▸ Work instruction
Beginning with the line below that contains "using vsup_E_obj_is_sup[OF S g meets]" and ending with the line that contains "(\<forall>(R :: 'a", copy every line exactly. Copy nothing else.

- - -

lemma E_obj_V_alg:
  assumes S: "sigma_riesz R"
  shows "V_alg (E_obj R)"
proof -
  have RS: "riesz_space R" using S by (simp add: sigma_riesz_def)
  have "vsup (E_obj R) g f \<in> rcarrier R \<and>
      vsup (E_obj R) g f = vsup (E_obj R) g (\<lambda>n. rmeet R (f n) g) \<and>
      vsup (E_obj R) g f = rjoin R (rmeet R (f 0) g) (vsup (E_obj R) g (\<lambda>n. f (Suc n))) \<and>
      (\<forall>h\<in>rcarrier R. rle R (vsup (E_obj R) g (\<lambda>n. rmeet R (f n) h)) h)"
    if g: "g \<in> rcarrier R" and f: "range f \<subseteq> rcarrier R" for g f
  proof (intro conjI ballI)
    have sup: "is_sup R (range (\<lambda>n. rmeet R (f n) g)) (vsup (E_obj R) g f)"
      using vsup_E_obj_is_sup[OF S g f] .
    then show "vsup (E_obj R) g f \<in> rcarrier R"
      by (simp add: is_sup_def)
    have "rmeet R (rmeet R (f n) g) g = rmeet R (f n) g" for n
      using rmeet_le_right[OF RS, of "f n" g] f g unfolding rle_def by auto
    then show "vsup (E_obj R) g f = vsup (E_obj R) g (\<lambda>n. rmeet R (f n) g)"
      by (simp add: E_obj_def)
    have tail: "range (\<lambda>n. f (Suc n)) \<subseteq> rcarrier R" using f by auto
    have "rmeet R (f 0) g \<in> rcarrier R" "range (\<lambda>n. rmeet R (f (Suc n)) g) \<subseteq> rcarrier R"
      using f g RS by (auto intro: rmeet_closed)
    then have "is_sup R (range (\<lambda>n. rmeet R (f n) g))
        (rjoin R (rmeet R (f 0) g) (vsup (E_obj R) g (\<lambda>n. f (Suc n))))"
      using is_sup_insert[OF RS _ _ vsup_E_obj_is_sup[OF S g tail]]
        range_eq_insert_range_Suc[of "\<lambda>n. rmeet R (f n) g"]
      by simp
    then show "vsup (E_obj R) g f = rjoin R (rmeet R (f 0) g) (vsup (E_obj R) g (\<lambda>n. f (Suc n)))"
      using sup is_sup_unique[OF RS] by blast
  next
    fix h assume h: "h \<in> rcarrier R"
    have meets: "range (\<lambda>n. rmeet R (f n) h) \<subseteq> rcarrier R"
      using f h RS by (auto intro: rmeet_closed)
    have "rle R (rmeet R (rmeet R (f n) h) g) h" for n
      using f g h RS rle_trans[OF RS _ _ h rmeet_le_left rmeet_le_right]
      by (meson rangeI rmeet_closed subsetD)
    then show "rle R (vsup (E_obj R) g (\<lambda>n. rmeet R (f n) h)) h"
      using vsup_E_obj_is_sup[OF S g meets] h unfolding is_sup_def by blast
  qed
  then show ?thesis
    unfolding V_alg_def E_obj_simps riesz_space_E_obj rle_E_obj using RS by blast
qed

lemma sigma_riesz_hom_V_hom:
  assumes R: "sigma_riesz R" and S: "sigma_riesz S" and h: "sigma_riesz_hom R S h"
  shows "V_hom (E_obj R) (E_obj S) h"
proof -
  have hom: "riesz_hom R S h" and cont: "sigma_continuous R S h"
    using h by (simp_all add: sigma_riesz_hom_def)
  have "h (vsup (E_obj R) g f) = vsup (E_obj S) (h g) (h \<circ> f)"
    if g: "g \<in> rcarrier R" and f: "range f \<subseteq> rcarrier R" for g f
  proof (rule sym, rule vsup_E_obj_eqI)
    show "riesz_space S" using S by (simp add: sigma_riesz_def)
    have "range (\<lambda>n. rmeet R (f n) g) \<subseteq> rcarrier R"
      using R f g by (auto simp: sigma_riesz_def intro: rmeet_closed)
    then have "is_sup S (h ` range (\<lambda>n. rmeet R (f n) g)) (h (vsup (E_obj R) g f))"
      using cont vsup_E_obj_is_sup[OF R g f] unfolding sigma_continuous_def by simp
    then show "is_sup S (range (\<lambda>n. rmeet S ((h \<circ> f) n) (h g))) (h (vsup (E_obj R) g f))"
      using riesz_hom_image_range_meet[OF hom g f] by simp
  qed
  then show ?thesis
    using hom by (simp add: V_hom_def)
qed

lemma vsup_E_obj_T_obj:
  assumes V: "V_alg A" and g: "g \<in> rcarrier A" and f: "range f \<subseteq> rcarrier A"
  shows "vsup (E_obj (T_obj A)) g f = vsup A g f"
  using vsup_E_obj_eqI[of "T_obj A"] vsup_is_sup[OF V g f] V_alg_riesz_space[OF V] by simp

theorem mainTheorem3:
  shows
   \<comment> \<open>T well defined on objects and maps\<close>
   "(\<forall>A :: 'a vsig_struct. V_alg A \<longrightarrow> sigma_riesz (T_obj A)) \<and>
    (\<forall>(A :: 'a vsig_struct) (B :: 'b vsig_struct) h.
        V_alg A \<and> V_alg B \<and> V_hom A B h \<longrightarrow> sigma_riesz_hom (T_obj A) (T_obj B) h) \<and>
    \<comment> \<open>E well defined on objects and maps\<close>
    (\<forall>R :: 'a riesz_struct. sigma_riesz R \<longrightarrow> V_alg (E_obj R)) \<and>
    (\<forall>(R :: 'a riesz_struct) (S :: 'b riesz_struct) h.
        sigma_riesz R \<and> sigma_riesz S \<and> sigma_riesz_hom R S h \<longrightarrow> V_hom (E_obj R) (E_obj S) h) \<and>
    \<comment> \<open>mutually inverse\<close>
    (\<forall>R :: 'a riesz_struct. sigma_riesz R \<longrightarrow> T_obj (E_obj R) = R) \<and>
    (\<forall>A :: 'a vsig_struct. V_alg A \<longrightarrow>
        T_obj (E_obj (T_obj A)) = T_obj A \<and>
        (\<forall>g\<in>rcarrier A. \<forall>f. range f \<subseteq> rcarrier A \<longrightarrow> vsup (E_obj (T_obj A)) g f = vsup A g f))"
  using T_obj_sigma_riesz V_hom_sigma_riesz_hom E_obj_V_alg sigma_riesz_hom_V_hom
    vsup_E_obj_T_obj
  by (auto simp: T_obj_def E_obj_def)

end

- - -

▸ Answer box
      using vsup_E_obj_is_sup[OF S g meets] h unfolding is_sup_def by blast
  qed
  then show ?thesis
    unfolding V_alg_def E_obj_simps riesz_space_E_obj rle_E_obj using RS by blast
qed

lemma sigma_riesz_hom_V_hom:
  assumes R: "sigma_riesz R" and S: "sigma_riesz S" and h: "sigma_riesz_hom R S h"
  shows "V_hom (E_obj R) (E_obj S) h"
proof -
  have hom: "riesz_hom R S h" and cont: "sigma_continuous R S h"
    using h by (simp_all add: sigma_riesz_hom_def)
  have "h (vsup (E_obj R) g f) = vsup (E_obj S) (h g) (h \<circ> f)"
    if g: "g \<in> rcarrier R" and f: "range f \<subseteq> rcarrier R" for g f
  proof (rule sym, rule vsup_E_obj_eqI)
    show "riesz_space S" using S by (simp add: sigma_riesz_def)
    have "range (\<lambda>n. rmeet R (f n) g) \<subseteq> rcarrier R"
      using R f g by (auto simp: sigma_riesz_def intro: rmeet_closed)
    then have "is_sup S (h ` range (\<lambda>n. rmeet R (f n) g)) (h (vsup (E_obj R) g f))"
      using cont vsup_E_obj_is_sup[OF R g f] unfolding sigma_continuous_def by simp
    then show "is_sup S (range (\<lambda>n. rmeet S ((h \<circ> f) n) (h g))) (h (vsup (E_obj R) g f))"
      using riesz_hom_image_range_meet[OF hom g f] by simp
  qed
  then show ?thesis
    using hom by (simp add: V_hom_def)
qed

lemma vsup_E_obj_T_obj:
  assumes V: "V_alg A" and g: "g \<in> rcarrier A" and f: "range f \<subseteq> rcarrier A"
  shows "vsup (E_obj (T_obj A)) g f = vsup A g f"
  using vsup_E_obj_eqI[of "T_obj A"] vsup_is_sup[OF V g f] V_alg_riesz_space[OF V] by simp

theorem mainTheorem3:
  shows
   \<comment> \<open>T well defined on objects and maps\<close>
   "(\<forall>A :: 'a vsig_struct. V_alg A \<longrightarrow> sigma_riesz (T_obj A)) \<and>
    (\<forall>(A :: 'a vsig_struct) (B :: 'b vsig_struct) h.
        V_alg A \<and> V_alg B \<and> V_hom A B h \<longrightarrow> sigma_riesz_hom (T_obj A) (T_obj B) h) \<and>
    \<comment> \<open>E well defined on objects and maps\<close>
    (\<forall>R :: 'a riesz_struct. sigma_riesz R \<longrightarrow> V_alg (E_obj R)) \<and>
    (\<forall>(R :: 'a riesz_struct) (S :: 'b riesz_struct) h.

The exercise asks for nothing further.